Mit dieser vollständig verinnerlichten Haltung des Künstlers bei der Arbeit hat sich Holger Herrmann auf seine Weise von der abbildenden Möglichkeit weitestgehend gelöst und eine fast absurde Position geschaffen: Mit einer jedem Betrachter eingängigen Form hat er einen größtmöglichen Rahmen oder ein der Realität entlehntes Gerüst für eine so abstrakte wie spontane Herangehensweise an Linien, Flächen, Gesten sowie kontrollierte und autonome Farbverläufe gefunden. Zuweilen dringt der Künstler, der die Begrenzung als Impetus so offensichtlich braucht, im Arbeiten mit der Farbe über die Ränder der Leinwand, um diese in der Folge von ihrem starren Keilrahmen zu lösen und sie wie Tücher oder Papiere als Ganzes bis an die äußersten Ränder zu präsentieren. Im Verlauf der Fortentwicklung seiner Figur experimentiert Holger Herrmann mit einer Substanz aus Champagnerkreide, Leinöl und Terpentin, in die er im noch nassen Zustand seine Linien mit dem Graphit- oder Kreidestift einschreibt. Auf anderen Bildträgern führt er stark farbige, mit Öl und Acryl gemalte Flächen mit der linearen Struktur des Graphitstiftes zusammen, die einerseits die Figur konkretisieren, sich andererseits als graphische Elemente zu Binnenzeichnungen verselbstständigen und in ihrem Verlauf wie zufällig Flächen miteinander verbinden. In kleinformatigen Papierarbeiten antwortet die Figur auf beiläufig gefundene, bedruckte Seiten mit Schrift oder arabesken Bildmustern, die den Fond für die Zeichnungen bilden. Frei nach Novalis’ Heinrich von Ofterdingen scheint die gebückte Gestalt inmitten der Zeichnung ihre „blaue Blume“ gefunden zu haben und an dieser fragilen Nahtstelle die schöpferische Verbindung zwischen Bildgrund und Darstellung eingegangen zu sein.
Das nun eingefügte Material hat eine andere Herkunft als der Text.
(* There exist a finite graded poset $P$ with $\hat0$ and two CW-labelings $\lambda_1$ and $\lambda_2$ of $P$ such that the posets $Q_{\lambda_1}(P)$ and $Q_{\lambda_2}(P)$ are not isomorphic.
   Context: C-labelings: a maximal chain is an unrefinable chain from $\hat0$ to a maximal element. A C-labeling assigns to each pair $(\mathbf m,e)$, $\mathbf m$ a maximal chain and $e$ a cover relation of $\mathbf m$, a label in a poset $\Lambda$, such that maximal chains coinciding along their bottom $d$ cover relations have equal labels there. A rooted interval $[x,y]_{\mathbf r}$ is an interval with a saturated chain $\mathbf r$ from $\hat0$ to $x$, maximal chains $\mathbf c$ of $[x,y]$ labeled as in $\mathbf r\cup\mathbf c$. Increasing = strictly increasing label word; ascent-free = no consecutive labels $a<b$. CR-labeling: each rooted interval has exactly one increasing maximal chain. Rank two switching property: for every maximal chain $\mathbf m:\hat0=m_0\lessdot\cdots\lessdot m_k$ and $i<k$ with an ascent at rank $i$ there is a unique $m_i'\neq m_i$ such that replacing $m_i$ by $m_i'$ gives a maximal chain with the same labels except that those at ranks $i,i+1$ are swapped, and $m_i'$ is the same for all maximal chains agreeing with $\mathbf m$ in $m_0,\dots,m_{i+1}$ (quadratic exchange). CW-labeling: CR-labeling with the rank two switching property such that in each rooted interval distinct ascent-free maximal chains have distinct label words. $Q_\lambda(P)$: $C(P)$ is the set of saturated chains from $\hat0$ ordered by inclusion; $\mathbf c_1\sim_\lambda\mathbf c_2$ iff they end at the same $y$ and are connected by quadratic exchanges (forwards or backwards) among maximal chains of $[\hat0,y]$; $Q_\lambda(P)$ is the set of classes ordered by the transitive closure of: $X\le Y$ if some $\mathbf c\in X$, $\mathbf d\in Y$ have $\mathbf c\subseteq\mathbf d$. *)

theory Defs
  imports Main
begin

(* The j-th cover relation (1 <= j <= k) of a chain is (m_(j-1), m_j). *)

definition partial_order_on' :: "'a set \<Rightarrow> ('a \<Rightarrow> 'a \<Rightarrow> bool) \<Rightarrow> bool" where
  "partial_order_on' A le \<longleftrightarrow>
     (\<forall>x\<in>A. le x x) \<and>
     (\<forall>x\<in>A. \<forall>y\<in>A. le x y \<and> le y x \<longrightarrow> x = y) \<and>
     (\<forall>x\<in>A. \<forall>y\<in>A. \<forall>z\<in>A. le x y \<and> le y z \<longrightarrow> le x z)"

definition covers :: "nat set \<Rightarrow> (nat \<Rightarrow> nat \<Rightarrow> bool) \<Rightarrow> nat \<Rightarrow> nat \<Rightarrow> bool" where
  "covers P le x y \<longleftrightarrow> x \<in> P \<and> y \<in> P \<and> le x y \<and> x \<noteq> y \<and>
     \<not> (\<exists>z\<in>P. le x z \<and> le z y \<and> z \<noteq> x \<and> z \<noteq> y)"

definition sat_chain :: "nat set \<Rightarrow> (nat \<Rightarrow> nat \<Rightarrow> bool) \<Rightarrow> nat list \<Rightarrow> bool" where
  "sat_chain P le xs \<longleftrightarrow> xs \<noteq> [] \<and> set xs \<subseteq> P \<and>
     (\<forall>i. Suc i < length xs \<longrightarrow> covers P le (xs ! i) (xs ! Suc i))"

definition rooted_chain :: "nat set \<Rightarrow> (nat \<Rightarrow> nat \<Rightarrow> bool) \<Rightarrow> nat list \<Rightarrow> bool" where
  "rooted_chain P le xs \<longleftrightarrow> sat_chain P le xs \<and> (\<forall>x\<in>P. le (hd xs) x)"

definition max_chain :: "nat set \<Rightarrow> (nat \<Rightarrow> nat \<Rightarrow> bool) \<Rightarrow> nat list \<Rightarrow> bool" where
  "max_chain P le m \<longleftrightarrow> rooted_chain P le m \<and> (\<forall>y\<in>P. le (last m) y \<longrightarrow> y = last m)"

definition interval_chain :: "nat set \<Rightarrow> (nat \<Rightarrow> nat \<Rightarrow> bool) \<Rightarrow> nat \<Rightarrow> nat \<Rightarrow> nat list \<Rightarrow> bool" where
  "interval_chain P le x y c \<longleftrightarrow> sat_chain P le c \<and> hd c = x \<and> last c = y"

(* finite graded poset with \<hat>0: all saturated chains from \<hat>0 to the same element
   have the same length (equivalently, there is a rank function) *)
definition finite_graded_poset_0 :: "nat set \<Rightarrow> (nat \<Rightarrow> nat \<Rightarrow> bool) \<Rightarrow> bool" where
  "finite_graded_poset_0 P le \<longleftrightarrow> finite P \<and> partial_order_on' P le \<and>
     (\<exists>z\<in>P. \<forall>x\<in>P. le z x) \<and>
     (\<forall>c d. rooted_chain P le c \<and> rooted_chain P le d \<and> last c = last d \<longrightarrow>
        length c = length d)"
Neben diesen singulären Werken entstehen ab etwa 1995 zweiteilige Arbeiten, die sich nicht minder mit der einmal gestellten Frage befassen. Das in den siebziger Jahren entwickelte Prinzip der Zusammenstellung von monochromen mit figurativen Werken findet in einer kleinen Serie erneut Anwendung. Sie zeigt die mit sparsamen Linien angedeutete Figur auf einem Bildgrund, der in neun streng geometrische Bildelemente gleicher Größe in den Farben Blau, Gelb, Rot und einem Grau- Ockerton gegliedert ist. Dieser wird als „Leerstelle“ im Gegenstück wiederholt und dient als Projektionsort, Ausgangs- oder Endpunkt - je nachdem, in welcher Reihenfolge die beiden Arbeiten vom Betrachter gelesen werden. Große Tafeln wie „19. August 1996“, „3. April 1997“ oder die übergroße zweiteilige Arbeit „She called me Daddy, I und II“ aus dem Jahre 1999 zeigen eine Steigerung des lyrischen Charakters dieser trotz ihrer Ausmaße feingliedrigen, leisen und konzentrierten Bilder, die die Frage evozieren, ob es sich um gezeichnete Bilder oder gemalte Zeichnungen handelt, so harmonisch ausponderiert ist das Verhältnis von Linie und monochromer Fläche.